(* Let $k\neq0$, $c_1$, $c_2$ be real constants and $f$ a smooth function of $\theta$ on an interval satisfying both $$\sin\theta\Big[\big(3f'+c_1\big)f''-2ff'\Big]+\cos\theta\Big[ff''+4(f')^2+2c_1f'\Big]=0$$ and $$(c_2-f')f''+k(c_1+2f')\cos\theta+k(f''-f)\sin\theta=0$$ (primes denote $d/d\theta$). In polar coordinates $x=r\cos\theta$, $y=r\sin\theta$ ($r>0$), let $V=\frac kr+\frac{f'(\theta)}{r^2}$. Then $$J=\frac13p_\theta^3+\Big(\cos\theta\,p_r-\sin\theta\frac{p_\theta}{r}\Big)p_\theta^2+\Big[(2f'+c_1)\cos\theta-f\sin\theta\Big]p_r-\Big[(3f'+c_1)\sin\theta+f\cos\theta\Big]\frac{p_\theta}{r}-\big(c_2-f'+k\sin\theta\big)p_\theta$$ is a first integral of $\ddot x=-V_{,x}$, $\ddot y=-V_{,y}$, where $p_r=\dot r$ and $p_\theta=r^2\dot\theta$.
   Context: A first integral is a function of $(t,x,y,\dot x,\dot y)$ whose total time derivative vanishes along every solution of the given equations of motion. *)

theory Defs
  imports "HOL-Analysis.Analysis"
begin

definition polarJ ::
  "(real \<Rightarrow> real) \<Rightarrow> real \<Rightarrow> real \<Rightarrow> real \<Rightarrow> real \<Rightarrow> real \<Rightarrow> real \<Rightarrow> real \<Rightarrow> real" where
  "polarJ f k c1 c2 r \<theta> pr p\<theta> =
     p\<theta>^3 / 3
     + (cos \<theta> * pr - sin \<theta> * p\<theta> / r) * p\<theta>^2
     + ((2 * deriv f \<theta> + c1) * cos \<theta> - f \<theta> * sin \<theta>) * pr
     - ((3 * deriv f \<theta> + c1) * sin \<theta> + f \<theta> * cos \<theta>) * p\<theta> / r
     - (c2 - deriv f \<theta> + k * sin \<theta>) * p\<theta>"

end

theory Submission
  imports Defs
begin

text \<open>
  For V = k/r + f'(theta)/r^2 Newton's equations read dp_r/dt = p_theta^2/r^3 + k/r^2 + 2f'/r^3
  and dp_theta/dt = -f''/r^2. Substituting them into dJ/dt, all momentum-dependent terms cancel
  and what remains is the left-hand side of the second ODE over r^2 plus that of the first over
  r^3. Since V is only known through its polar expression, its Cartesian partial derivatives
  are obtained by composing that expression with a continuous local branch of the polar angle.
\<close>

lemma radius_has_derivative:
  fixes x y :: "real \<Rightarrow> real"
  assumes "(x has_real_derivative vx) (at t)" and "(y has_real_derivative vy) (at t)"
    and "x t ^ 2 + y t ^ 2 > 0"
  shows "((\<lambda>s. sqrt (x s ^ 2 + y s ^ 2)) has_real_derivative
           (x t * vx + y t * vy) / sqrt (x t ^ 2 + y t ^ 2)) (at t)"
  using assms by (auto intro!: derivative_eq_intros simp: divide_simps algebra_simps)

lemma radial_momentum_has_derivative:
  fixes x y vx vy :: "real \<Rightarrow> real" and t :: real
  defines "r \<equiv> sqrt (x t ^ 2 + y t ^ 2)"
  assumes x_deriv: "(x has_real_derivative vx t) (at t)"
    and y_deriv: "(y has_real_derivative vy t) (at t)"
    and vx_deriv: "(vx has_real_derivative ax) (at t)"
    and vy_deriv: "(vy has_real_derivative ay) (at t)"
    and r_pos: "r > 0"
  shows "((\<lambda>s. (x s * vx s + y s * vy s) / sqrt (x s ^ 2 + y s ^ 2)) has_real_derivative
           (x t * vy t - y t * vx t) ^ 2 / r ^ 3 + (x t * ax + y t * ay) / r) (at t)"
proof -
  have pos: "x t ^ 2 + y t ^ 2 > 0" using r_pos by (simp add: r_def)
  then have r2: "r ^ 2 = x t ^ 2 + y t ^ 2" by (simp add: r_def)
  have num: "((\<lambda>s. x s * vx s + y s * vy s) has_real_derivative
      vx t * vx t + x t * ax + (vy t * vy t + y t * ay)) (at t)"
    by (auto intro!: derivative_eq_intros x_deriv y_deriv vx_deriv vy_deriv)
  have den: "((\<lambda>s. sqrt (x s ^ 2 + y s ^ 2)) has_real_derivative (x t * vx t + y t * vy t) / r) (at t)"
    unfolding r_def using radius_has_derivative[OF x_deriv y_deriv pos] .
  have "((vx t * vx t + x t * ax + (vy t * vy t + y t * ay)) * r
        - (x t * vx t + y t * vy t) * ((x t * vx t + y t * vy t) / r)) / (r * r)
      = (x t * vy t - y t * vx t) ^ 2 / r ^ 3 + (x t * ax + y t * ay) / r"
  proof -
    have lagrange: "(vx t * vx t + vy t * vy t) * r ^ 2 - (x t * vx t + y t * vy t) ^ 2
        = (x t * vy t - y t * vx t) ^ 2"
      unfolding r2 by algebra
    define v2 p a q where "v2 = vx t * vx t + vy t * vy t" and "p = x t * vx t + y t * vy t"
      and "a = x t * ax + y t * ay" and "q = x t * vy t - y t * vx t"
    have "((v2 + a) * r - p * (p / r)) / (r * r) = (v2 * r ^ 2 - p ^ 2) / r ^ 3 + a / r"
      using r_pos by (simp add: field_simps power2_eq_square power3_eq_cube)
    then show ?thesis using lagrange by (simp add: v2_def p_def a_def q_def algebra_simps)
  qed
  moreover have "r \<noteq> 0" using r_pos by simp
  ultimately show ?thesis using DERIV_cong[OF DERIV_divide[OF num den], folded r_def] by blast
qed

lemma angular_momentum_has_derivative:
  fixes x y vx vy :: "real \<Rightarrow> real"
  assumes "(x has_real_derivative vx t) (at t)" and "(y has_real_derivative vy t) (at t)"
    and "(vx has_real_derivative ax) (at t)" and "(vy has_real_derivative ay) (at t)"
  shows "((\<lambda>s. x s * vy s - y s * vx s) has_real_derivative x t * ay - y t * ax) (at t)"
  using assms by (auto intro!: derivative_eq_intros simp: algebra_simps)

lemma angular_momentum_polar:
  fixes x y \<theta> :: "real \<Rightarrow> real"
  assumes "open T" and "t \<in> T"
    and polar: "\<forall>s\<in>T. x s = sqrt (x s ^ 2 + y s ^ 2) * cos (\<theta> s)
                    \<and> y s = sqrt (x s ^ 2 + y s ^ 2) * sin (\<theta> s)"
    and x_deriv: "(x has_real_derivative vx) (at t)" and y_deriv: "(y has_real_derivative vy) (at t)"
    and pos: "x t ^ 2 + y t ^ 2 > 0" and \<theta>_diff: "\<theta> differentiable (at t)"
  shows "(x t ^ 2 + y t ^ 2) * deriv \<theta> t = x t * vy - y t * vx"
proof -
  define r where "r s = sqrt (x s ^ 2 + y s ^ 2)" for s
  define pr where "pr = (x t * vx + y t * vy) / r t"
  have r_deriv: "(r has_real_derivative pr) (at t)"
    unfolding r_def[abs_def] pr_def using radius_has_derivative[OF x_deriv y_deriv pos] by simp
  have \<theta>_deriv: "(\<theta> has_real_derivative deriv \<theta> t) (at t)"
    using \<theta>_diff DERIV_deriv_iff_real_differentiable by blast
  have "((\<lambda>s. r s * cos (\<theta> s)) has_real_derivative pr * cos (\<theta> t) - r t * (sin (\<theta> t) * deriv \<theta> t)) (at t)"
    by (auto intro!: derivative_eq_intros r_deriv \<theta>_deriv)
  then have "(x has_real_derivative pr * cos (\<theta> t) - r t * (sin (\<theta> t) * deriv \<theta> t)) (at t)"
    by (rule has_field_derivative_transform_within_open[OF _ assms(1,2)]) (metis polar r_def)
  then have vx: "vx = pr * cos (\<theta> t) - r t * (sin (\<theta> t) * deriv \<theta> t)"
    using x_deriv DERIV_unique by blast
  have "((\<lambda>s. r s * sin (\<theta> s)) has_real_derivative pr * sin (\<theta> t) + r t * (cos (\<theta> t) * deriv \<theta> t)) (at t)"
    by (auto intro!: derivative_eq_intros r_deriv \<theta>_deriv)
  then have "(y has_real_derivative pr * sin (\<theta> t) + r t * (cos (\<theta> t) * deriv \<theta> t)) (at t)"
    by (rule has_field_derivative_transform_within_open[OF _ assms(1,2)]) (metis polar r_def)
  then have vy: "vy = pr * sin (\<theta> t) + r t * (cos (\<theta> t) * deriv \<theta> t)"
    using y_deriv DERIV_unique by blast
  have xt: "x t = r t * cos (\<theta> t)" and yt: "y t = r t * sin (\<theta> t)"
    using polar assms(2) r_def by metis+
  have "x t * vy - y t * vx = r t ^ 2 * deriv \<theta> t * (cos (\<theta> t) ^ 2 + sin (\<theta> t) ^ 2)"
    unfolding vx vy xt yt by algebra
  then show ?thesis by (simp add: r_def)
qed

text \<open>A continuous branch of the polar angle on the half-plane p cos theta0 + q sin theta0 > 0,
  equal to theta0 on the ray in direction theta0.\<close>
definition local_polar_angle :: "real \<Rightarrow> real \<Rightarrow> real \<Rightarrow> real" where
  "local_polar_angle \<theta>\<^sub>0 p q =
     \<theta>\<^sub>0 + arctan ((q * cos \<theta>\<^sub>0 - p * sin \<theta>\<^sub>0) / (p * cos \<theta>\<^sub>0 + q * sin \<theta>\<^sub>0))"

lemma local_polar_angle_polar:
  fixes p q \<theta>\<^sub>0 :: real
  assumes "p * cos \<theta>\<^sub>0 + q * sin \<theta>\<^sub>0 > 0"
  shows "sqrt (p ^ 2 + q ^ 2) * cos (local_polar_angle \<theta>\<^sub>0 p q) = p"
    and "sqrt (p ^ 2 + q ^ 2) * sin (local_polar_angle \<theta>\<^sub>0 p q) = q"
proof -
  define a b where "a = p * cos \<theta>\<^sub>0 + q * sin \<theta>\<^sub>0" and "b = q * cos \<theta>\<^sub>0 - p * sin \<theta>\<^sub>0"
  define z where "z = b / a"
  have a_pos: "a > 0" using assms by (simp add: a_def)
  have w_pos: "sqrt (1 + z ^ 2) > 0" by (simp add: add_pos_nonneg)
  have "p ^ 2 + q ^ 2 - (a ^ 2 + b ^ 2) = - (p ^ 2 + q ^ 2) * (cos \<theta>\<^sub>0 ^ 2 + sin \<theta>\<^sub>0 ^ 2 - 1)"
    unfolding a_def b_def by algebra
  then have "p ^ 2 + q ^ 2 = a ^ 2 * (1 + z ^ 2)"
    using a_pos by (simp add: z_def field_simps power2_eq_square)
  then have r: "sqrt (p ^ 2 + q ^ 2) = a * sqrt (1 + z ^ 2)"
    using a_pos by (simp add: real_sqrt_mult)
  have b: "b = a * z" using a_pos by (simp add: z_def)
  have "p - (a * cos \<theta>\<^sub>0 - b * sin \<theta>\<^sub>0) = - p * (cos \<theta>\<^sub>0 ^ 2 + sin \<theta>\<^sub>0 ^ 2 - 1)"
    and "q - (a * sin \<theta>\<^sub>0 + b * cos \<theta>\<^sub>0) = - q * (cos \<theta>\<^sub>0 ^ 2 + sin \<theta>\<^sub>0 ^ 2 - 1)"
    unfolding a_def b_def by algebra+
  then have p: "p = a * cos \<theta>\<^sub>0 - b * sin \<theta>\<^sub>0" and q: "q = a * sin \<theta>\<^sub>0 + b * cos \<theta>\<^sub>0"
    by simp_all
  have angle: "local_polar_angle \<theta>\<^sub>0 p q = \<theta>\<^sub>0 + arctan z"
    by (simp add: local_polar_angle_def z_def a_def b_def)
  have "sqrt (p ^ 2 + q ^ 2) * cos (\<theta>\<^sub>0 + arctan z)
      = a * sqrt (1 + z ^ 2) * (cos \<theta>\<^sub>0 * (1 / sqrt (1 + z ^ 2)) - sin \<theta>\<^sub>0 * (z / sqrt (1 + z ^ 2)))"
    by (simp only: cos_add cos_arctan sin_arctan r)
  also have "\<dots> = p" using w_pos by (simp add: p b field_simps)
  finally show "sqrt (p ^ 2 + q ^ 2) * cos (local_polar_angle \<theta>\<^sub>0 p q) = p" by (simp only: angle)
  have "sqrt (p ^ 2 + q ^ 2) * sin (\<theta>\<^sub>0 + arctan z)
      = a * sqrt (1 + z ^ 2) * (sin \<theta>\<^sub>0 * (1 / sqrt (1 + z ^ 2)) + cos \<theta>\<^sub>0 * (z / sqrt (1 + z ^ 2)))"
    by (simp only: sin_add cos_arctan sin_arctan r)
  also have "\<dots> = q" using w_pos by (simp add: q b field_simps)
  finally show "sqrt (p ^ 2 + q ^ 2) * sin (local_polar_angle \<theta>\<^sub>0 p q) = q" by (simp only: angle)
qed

-- -- --

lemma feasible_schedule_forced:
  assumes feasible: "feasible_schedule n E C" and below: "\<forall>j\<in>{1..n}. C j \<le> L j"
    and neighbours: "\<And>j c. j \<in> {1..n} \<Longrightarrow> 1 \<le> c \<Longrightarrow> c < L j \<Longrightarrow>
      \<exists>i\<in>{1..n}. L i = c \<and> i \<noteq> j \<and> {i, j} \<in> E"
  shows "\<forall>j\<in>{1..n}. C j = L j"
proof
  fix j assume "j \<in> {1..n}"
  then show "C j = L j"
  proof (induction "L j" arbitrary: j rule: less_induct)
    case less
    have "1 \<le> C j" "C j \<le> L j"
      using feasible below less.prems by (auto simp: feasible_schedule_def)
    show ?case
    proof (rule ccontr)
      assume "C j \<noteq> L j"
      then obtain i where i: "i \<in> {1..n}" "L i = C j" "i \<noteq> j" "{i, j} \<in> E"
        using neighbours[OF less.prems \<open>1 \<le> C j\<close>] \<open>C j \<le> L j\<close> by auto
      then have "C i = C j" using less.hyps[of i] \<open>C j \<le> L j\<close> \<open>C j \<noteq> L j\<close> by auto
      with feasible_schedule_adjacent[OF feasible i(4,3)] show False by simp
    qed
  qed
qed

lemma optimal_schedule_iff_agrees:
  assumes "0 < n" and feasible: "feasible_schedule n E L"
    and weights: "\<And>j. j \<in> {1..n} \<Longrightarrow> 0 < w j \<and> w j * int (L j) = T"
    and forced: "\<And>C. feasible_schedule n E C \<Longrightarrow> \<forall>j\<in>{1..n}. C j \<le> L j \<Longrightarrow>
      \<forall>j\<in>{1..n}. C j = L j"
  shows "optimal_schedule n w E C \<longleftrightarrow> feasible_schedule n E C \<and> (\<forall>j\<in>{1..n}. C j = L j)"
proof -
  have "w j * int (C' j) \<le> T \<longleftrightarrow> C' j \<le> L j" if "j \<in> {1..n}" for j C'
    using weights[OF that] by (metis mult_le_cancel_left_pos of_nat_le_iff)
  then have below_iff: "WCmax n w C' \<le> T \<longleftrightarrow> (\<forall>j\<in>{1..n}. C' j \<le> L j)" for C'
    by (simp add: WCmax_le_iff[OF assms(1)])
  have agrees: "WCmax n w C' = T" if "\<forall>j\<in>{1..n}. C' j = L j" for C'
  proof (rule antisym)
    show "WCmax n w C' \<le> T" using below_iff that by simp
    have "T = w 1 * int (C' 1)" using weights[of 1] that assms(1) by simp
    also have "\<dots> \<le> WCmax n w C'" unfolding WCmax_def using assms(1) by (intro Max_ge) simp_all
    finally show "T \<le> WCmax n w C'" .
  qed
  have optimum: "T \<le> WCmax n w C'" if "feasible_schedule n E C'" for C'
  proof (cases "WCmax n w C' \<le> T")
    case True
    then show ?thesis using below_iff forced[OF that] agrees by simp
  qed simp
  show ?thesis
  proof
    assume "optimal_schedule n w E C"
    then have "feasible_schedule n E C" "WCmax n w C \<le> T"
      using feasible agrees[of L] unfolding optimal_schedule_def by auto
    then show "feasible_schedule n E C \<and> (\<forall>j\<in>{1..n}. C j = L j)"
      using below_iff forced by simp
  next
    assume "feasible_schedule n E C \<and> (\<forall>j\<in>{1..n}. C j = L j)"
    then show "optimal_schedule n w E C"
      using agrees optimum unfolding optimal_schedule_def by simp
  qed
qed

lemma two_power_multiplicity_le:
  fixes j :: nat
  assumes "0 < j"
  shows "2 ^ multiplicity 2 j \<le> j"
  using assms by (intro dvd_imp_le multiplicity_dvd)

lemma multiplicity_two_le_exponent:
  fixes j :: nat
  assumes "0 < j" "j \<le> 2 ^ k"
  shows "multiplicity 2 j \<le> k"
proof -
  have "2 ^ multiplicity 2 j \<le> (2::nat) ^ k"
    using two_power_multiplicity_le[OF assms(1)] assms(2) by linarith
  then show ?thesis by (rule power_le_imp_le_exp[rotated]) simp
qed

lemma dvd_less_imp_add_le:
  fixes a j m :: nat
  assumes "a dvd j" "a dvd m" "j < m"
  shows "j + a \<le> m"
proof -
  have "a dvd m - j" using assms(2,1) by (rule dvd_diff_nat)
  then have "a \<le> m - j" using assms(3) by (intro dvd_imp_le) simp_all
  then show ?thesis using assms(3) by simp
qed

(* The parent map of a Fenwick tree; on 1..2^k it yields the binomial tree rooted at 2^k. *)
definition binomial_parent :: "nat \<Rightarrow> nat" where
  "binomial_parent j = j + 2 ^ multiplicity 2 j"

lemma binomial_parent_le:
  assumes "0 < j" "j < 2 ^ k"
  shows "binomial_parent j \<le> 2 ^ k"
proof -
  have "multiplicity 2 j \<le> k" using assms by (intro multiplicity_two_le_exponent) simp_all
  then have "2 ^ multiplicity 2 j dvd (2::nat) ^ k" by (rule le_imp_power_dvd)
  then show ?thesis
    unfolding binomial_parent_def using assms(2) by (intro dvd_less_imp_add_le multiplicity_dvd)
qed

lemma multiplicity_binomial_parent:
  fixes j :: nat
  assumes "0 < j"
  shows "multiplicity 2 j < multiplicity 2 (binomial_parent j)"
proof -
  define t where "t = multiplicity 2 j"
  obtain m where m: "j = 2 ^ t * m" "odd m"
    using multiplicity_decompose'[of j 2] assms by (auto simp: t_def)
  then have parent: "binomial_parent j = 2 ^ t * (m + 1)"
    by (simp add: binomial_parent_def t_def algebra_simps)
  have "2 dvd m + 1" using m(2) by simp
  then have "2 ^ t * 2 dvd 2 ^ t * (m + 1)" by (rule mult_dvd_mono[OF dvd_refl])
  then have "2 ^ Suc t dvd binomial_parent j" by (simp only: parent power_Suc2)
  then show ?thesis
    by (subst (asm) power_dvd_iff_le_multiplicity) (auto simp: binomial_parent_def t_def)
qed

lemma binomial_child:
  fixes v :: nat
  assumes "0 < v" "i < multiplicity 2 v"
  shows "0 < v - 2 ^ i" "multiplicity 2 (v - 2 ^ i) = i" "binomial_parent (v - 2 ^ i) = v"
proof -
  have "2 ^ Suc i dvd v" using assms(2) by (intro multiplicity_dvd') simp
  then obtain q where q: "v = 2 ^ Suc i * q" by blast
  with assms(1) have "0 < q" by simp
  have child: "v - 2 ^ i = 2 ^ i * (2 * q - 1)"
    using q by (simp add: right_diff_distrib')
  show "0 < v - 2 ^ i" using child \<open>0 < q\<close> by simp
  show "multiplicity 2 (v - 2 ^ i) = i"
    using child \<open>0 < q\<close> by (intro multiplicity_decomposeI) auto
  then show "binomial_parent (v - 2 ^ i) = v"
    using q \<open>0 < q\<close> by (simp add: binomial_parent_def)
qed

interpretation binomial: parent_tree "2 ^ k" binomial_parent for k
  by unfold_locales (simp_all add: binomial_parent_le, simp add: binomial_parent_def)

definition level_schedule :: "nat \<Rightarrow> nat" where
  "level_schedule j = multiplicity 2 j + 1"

-- -- --

REQUIREMENT: Go through the records and pull out each line that includes the word "function".

ANSWER SPACE:
(* Let $k\neq0$, $c_1$, $c_2$ be real constants and $f$ a smooth function of $\theta$ on an interval satisfying both $$\sin\theta\Big[\big(3f'+c_1\big)f''-2ff'\Big]+\cos\theta\Big[ff''+4(f')^2+2c_1f'\Big]=0$$ and $$(c_2-f')f''+k(c_1+2f')\cos\theta+k(f''-f)\sin\theta=0$$ (primes denote $d/d\theta$). In polar coordinates $x=r\cos\theta$, $y=r\sin\theta$ ($r>0$), let $V=\frac kr+\frac{f'(\theta)}{r^2}$. Then $$J=\frac13p_\theta^3+\Big(\cos\theta\,p_r-\sin\theta\frac{p_\theta}{r}\Big)p_\theta^2+\Big[(2f'+c_1)\cos\theta-f\sin\theta\Big]p_r-\Big[(3f'+c_1)\sin\theta+f\cos\theta\Big]\frac{p_\theta}{r}-\big(c_2-f'+k\sin\theta\big)p_\theta$$ is a first integral of $\ddot x=-V_{,x}$, $\ddot y=-V_{,y}$, where $p_r=\dot r$ and $p_\theta=r^2\dot\theta$.
   Context: A first integral is a function of $(t,x,y,\dot x,\dot y)$ whose total time derivative vanishes along every solution of the given equations of motion. *)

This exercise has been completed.